2.3. Inter-comparison strategy

We evaluate the impact of the different configurational choices in three steps; (1) investigate the Potential Change in Forecast Quality (PCFQ), i.e. the differences between the experiments without being restricted by the availability of observations, and comparison with observations (2) by calculating the Mean Absolute Error (MAE) as a summary measure of the objective AV, and (3) by calculating the Brier Score (BS) to evaluate the forecast performance for tail (rare) events.

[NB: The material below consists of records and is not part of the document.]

section \<open>Weak sequential compactness of the unit ball of L-infinity\<close>

lemma abs_integral_indicator_mult_le_measure:
  fixes v :: "'a \<Rightarrow> real"
  assumes "finite_measure M" "B \<in> sets M" "v \<in> borel_measurable M" "AE x in M. \<bar>v x\<bar> \<le> 1"
  shows "\<bar>\<integral>x. indicator B x * v x \<partial>M\<bar> \<le> measure M B"
proof -
  interpret finite_measure M by fact
  have "\<bar>\<integral>x. indicator B x * v x \<partial>M\<bar> \<le> (\<integral>x. \<bar>indicator B x * v x\<bar> \<partial>M)"
    by (rule integral_abs_bound)
  also have "\<dots> \<le> (\<integral>x. indicator B x \<partial>M)"
  proof (intro integral_mono_AE)
    show "integrable M (\<lambda>x. \<bar>indicator B x * v x\<bar>)"
      using assms by (intro integrable_const_bound[where B=1]) (auto simp: abs_mult indicator_def)
    show "integrable M (indicator B :: 'a \<Rightarrow> real)"
      using assms(2) by (intro integrable_const_bound[where B=1]) auto
    show "AE x in M. \<bar>indicator B x * v x\<bar> \<le> indicator B x"
      using assms(4) by eventually_elim (auto simp: abs_mult indicator_def)
  qed
  also have "\<dots> = measure M B"
    using assms(2) by simp
  finally show ?thesis .
qed

lemma integral_indicator_mult_Un:
  fixes v :: "'a \<Rightarrow> real"
  assumes "integrable M v" "A \<in> sets M" "B \<in> sets M" "A \<inter> B = {}"
  shows "(\<integral>x. indicator (A \<union> B) x * v x \<partial>M) =
    (\<integral>x. indicator A x * v x \<partial>M) + (\<integral>x. indicator B x * v x \<partial>M)"
  using integrable_mult_indicator[OF assms(2,1)] integrable_mult_indicator[OF assms(3,1)]
  by (simp add: indicator_disj_union[OF assms(4)] distrib_right)
(* Let $v^1,\dots,v^p\in\mathbb{R}^n$ and let $\mathscr V\subset\mathbb{R}_{\max}^n$ be the max-plus cone they generate. If $y\in\mathbb{R}_{\max}^n$ does not belong to $\mathscr V$, then there exist disjoint sets $I,J$ with $I\cup J=\{1,\dots,n\}$ and $a\in\mathbb{R}^n$ such that the half-space $\{x\in\mathbb{R}_{\max}^n:\bigoplus_{i\in I}a_ix_i\le\bigoplus_{j\in J}a_jx_j\}$ contains $\mathscr V$ but not $y$, and its apex $-a$ is a vertex of the natural cell decomposition of $\mathbb{R}_{\max}^n$ induced by $v^1,\dots,v^p$.
   Context: $\mathbb{R}_{\max}=\mathbb{R}\cup\{-\infty\}$ with $a\oplus b=\max(a,b)$, $ab=a+b$; the max-plus cone generated by $v^1,\dots,v^p$ is $\{\bigoplus_r\lambda_rv^r:\lambda_r\in\mathbb{R}_{\max}\}$, where $(\lambda v)_k=\lambda+v_k$. The apex of the half-space $\{x:\bigoplus_{i\in I}a_ix_i\le\bigoplus_{j\in J}a_jx_j\}$ (with $I,J$ a partition of $\{1,\dots,n\}$ and $a\in\mathbb{R}^n$) is $-a$. For $x\in\mathbb{R}^n$, the type of $x$ is $(S_1(x),\dots,S_n(x))$ with $S_j(x)=\{r: v^r_j-x_j=\max_{k}(v^r_k-x_k)\}$. For an $n$-tuple $S=(S_1,\dots,S_n)$ of subsets of $\{1,\dots,p\}$, the cell $X_S=\{x: S_j\subset S_j(x)\ \forall j\}$; the natural cell decomposition is the collection of cells $X_S$, $S$ ranging over types. A vertex of this decomposition is a vector $x\in\mathbb{R}^n$ whose cell $X_{\mathrm{type}(x)}$ is one-dimensional, i.e. equals $\{\lambda+x:\lambda\in\mathbb{R}\}$ (equivalently, the graph on $\{1,\dots,n\}$ with an edge $\{i,j\}$ whenever $S_i(x)\cap S_j(x)\neq\emptyset$ is connected). *)

theory Defs
  imports "HOL-Analysis.Analysis"
begin

text \<open>Max-plus semiring R_max = R union {-infinity}, modelled inside ereal:
  an element of R_max^n is a vector x :: ereal^'n with no component equal to +infinity.\<close>

definition rmax_vec :: "(ereal^'n) set" where
  "rmax_vec = {x. \<forall>k. x $ k \<noteq> \<infinity>}"

definition mp_cone :: "('p::finite \<Rightarrow> real^'n) \<Rightarrow> (ereal^'n) set" where
  "mp_cone v = {x. \<exists>lam :: 'p \<Rightarrow> ereal. (\<forall>r. lam r \<noteq> \<infinity>) \<and>
                    x = (\<chi> k. (SUP r. lam r + ereal (v r $ k)))}"

definition mp_halfspace :: "'n set \<Rightarrow> 'n set \<Rightarrow> real^'n \<Rightarrow> (ereal^'n) set" where
  "mp_halfspace I J a = {x \<in> rmax_vec.
      (SUP i\<in>I. ereal (a $ i) + x $ i) \<le> (SUP j\<in>J. ereal (a $ j) + x $ j)}"

definition mp_type :: "('p::finite \<Rightarrow> real^'n) \<Rightarrow> real^'n \<Rightarrow> 'n::finite \<Rightarrow> 'p set" where
  "mp_type v x j = {r. v r $ j - x $ j = (MAX k. v r $ k - x $ k)}"

definition mp_cell :: "('p::finite \<Rightarrow> real^'n) \<Rightarrow> ('n::finite \<Rightarrow> 'p set) \<Rightarrow> (real^'n) set" where
  "mp_cell v S = {x. \<forall>j. S j \<subseteq> mp_type v x j}"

PCFQ follows the concept of Potential Added Value which has been used to investigate the usefulness of regional climate models compared to global climate models (e.g. Di Luca et al., Citation2012). However, in our study any differences between two forecasts can both lead to better or worse forecasts and we have therefore modified the naming. Here we define the PCFQ as any difference between two forecasts and use the Mean Absolute Difference (MAD) between two forecasts as an example. In addition, we use the ensemble spread as a measure of PCFQ in terms of predicting the forecast uncertainty. It should be noted that PCFQ is a necessary requirement, but not enough to claim objective AV comparing two forecasts. We limit our investigation of PCFQ to T2m and WS10. T2m is to a large degree constrained by the use of observed T2m in the surface assimilation and the fixed SST for each forecast. Opposite to this, observed WS10 is not assimilated and is more free to develop differences between two forecasts with different configurations.

To summarize the objective AV we compare experiments with its reference experiment by calculating the MAE Skill Score (MAESS = 1 − MAEexp/MAEref), e.g. the impact of higher spatial resolution is given by 1 − MAEHighres/MAEcntrl. Positive (negative) values show that the experiment performs better (worse) than the reference, i.e. the change in configuration adds (removes) value.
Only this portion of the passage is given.